DAVID: We could keep listing examples of this. Here’s another one: In 2008, the prestigious UK newspaper, The Times, ranked all of the greatest British writers since the end of WWII and Lewis—among all writers in all genres—ranked 11th. The special honors he will receive at Westminster aren’t given lightly. Many people to this day credit Lewis as a key figure in their conversion stories.

MARK: My own story begins with growing up as an evangelical. I went to a big southern California megachurch. Now, I see a lot of the old dividing lines falling away. But I can say that Lewis was—and is—a huge source for my faith.

Now, as a publisher, I find it just crazy that Lewis’s sales have not dropped after so many years. Of course, I know that his sales always rise in a movie year. And, there’s news of a movie that’s coming—The Silver Chair—but Lewis’s sales do well with or without a movie.
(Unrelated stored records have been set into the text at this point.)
section \<open>The shifted maximum of independent samples\<close>

text \<open>For i.i.d. \<open>X\<^sub>0, \<dots>, X\<^sub>k\<close> with law \<open>M\<close>, this is the probability that
  \<open>X\<^sub>0 + h\<close> exceeds \<open>X\<^sub>1, \<dots>, X\<^sub>k\<close>.\<close>
definition max_shift_prob :: "real measure \<Rightarrow> nat \<Rightarrow> real \<Rightarrow> real" where
  "max_shift_prob M k h = (\<integral>t. cdf M (t + h) ^ k \<partial>M)"

context real_distribution
begin

lemma borel_measurable_cdf [measurable]: "cdf M \<in> borel_measurable borel"
  by (intro borel_measurable_mono monoI cdf_nondecreasing)

lemma abs_cdf_power_le_1: "\<bar>cdf M x ^ k\<bar> \<le> 1"
  using cdf_nonneg cdf_bounded_prob by (simp add: abs_le_iff power_le_one)

lemma integrable_cdf_shift_power: "integrable M (\<lambda>t. cdf M (t + h) ^ k)"
  by (rule integrable_const_bound[where B=1])
    (auto intro!: AE_I2 always_eventually simp: abs_cdf_power_le_1)

lemma continuous_on_max_shift_prob:
  assumes no_atoms: "\<And>x. measure M {x} = 0"
  shows "continuous_on UNIV (max_shift_prob M k)"
proof (rule continuous_on_sequentiallyI)
  fix u :: "nat \<Rightarrow> real" and h assume "u \<longlonglongrightarrow> h"
  have "AE t in M. (\<lambda>n. cdf M (t + u n) ^ k) \<longlonglongrightarrow> cdf M (t + h) ^ k"
  proof (rule AE_I2)
    fix t
    have "isCont (cdf M) (t + h)"
      using no_atoms by (simp add: isCont_cdf)
    then show "(\<lambda>n. cdf M (t + u n) ^ k) \<longlonglongrightarrow> cdf M (t + h) ^ k"
     
        by (intro tendsto_power isCont_tendsto_compose[of _ "cdf M"] tendsto_add tendsto_const
            \<open>u \<longlonglongrightarrow> h\<close>)
  qed
  then show "(\<lambda>n. max_shift_prob M k (u n)) \<longlonglongrightarrow> max_shift_prob M k h"
    unfolding max_shift_prob_def
    by (intro integral_dominated_convergence[where w="\<lambda>_. 1"])
      (auto intro!: AE_I2 always_eventually simp: abs_cdf_power_le_1)
qed

lemma max_shift_prob_strict_mono:
  assumes "strict_mono (cdf M)" and "k \<ge> 1"
  shows "strict_mono (max_shift_prob M k)"
proof (rule strict_monoI)
  fix h h' :: real assume "h < h'"
  have "cdf M (t + h) ^ k < cdf M (t + h') ^ k" for t
    using assms \<open>h < h'\<close> cdf_nonneg by (intro power_strict_mono) (simp_all add: strict_mono_less)
  then show "max_shift_prob M k h < max_shift_prob M k h'"
    unfolding max_shift_prob_def
    by (intro integral_less_AE_space integrable_cdf_shift_power AE_I2)
      (simp_all add: emeasure_space_1[unfolded space_eq_univ])
qed

lemma max_shift_prob_at_top: "(max_shift_prob M k \<longlongrightarrow> 1) at_top"
proof -
  have shift: "filterlim (\<lambda>h. t + h) at_top at_top" for t :: real
    by real_asymp
  have "AE t in M. ((\<lambda>h. cdf M (t + h) ^ k) \<longlongrightarrow> 1 ^ k) at_top"
    by (intro AE_I2 tendsto_power filterlim_compose[OF cdf_lim_at_top_prob shift])
  then have "((\<lambda>h. \<integral>t. cdf M (t + h) ^ k \<partial>M) \<longlongrightarrow> \<integral>t. 1 \<partial>M) at_top"
    by (intro integral_dominated_convergence_at_top[where w="\<lambda>_. 1"])
      (auto intro!: AE_I2 always_eventually simp: abs_cdf_power_le_1)
  then show ?thesis
    by (simp add: max_shift_prob_def[abs_def] prob_space[unfolded space_eq_univ])
qed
Here’s a smaller example—a new one. Bible Gateway has millions of unique visitors each month and they do a series of free newsletters people can sign up to receive. We proposed a C.S. Lewis quote of the day—and they announced it in August in a blog post. In two weeks, they got 26,000 people to sign up for a daily quote from Lewis.

DAVID: Yeah. That doesn’t surprise me at all. The Twitter feed of C.S. Lewis Daily is heading toward 1 million followers.

MARK: It shows the hunger out there for Lewis. Look at the Facebook pages on Lewis. We’re seeing a big number of Likes—and the actual sharing in Facebook is in the thousands every day.


DAVID: Let’s talk about some of the individual books. And let’s start with one of my all-time favorites: The Great Divorce. And I’m not alone. We keep seeing news items pop up about people trying to produce stage or film productions.

The book is short. There are a number of editions floating around, these days, including a nice-looking paperback edition in that big boxed set (see top image today). But I prefer the lovely hardback edition you’re selling. I like the soft feel of the dust cover and the little bus that’s just creeping onto the front cover—understated, I would call it.

Of course, fans of this book know that’s the bus to heaven on the cover. The question in the book is: Do we even want to get on that bus? It’s a dark, fictional-fanciful book in which a lot of people who are living in this very gray world simply aren’t interested in getting on that bus. The bus is right there, available to them, but they have all these excuses for remaining in their dreary homes.

This is another end-of-WWII book for Lewis. He published it first as a series in The Guardian starting in 1944. Then, it became this book.

MARK: I think of The Great Divorce as the quintessential post-war Lewis book. The world is so dark and gray, still half in rubble, still rationing in Europe.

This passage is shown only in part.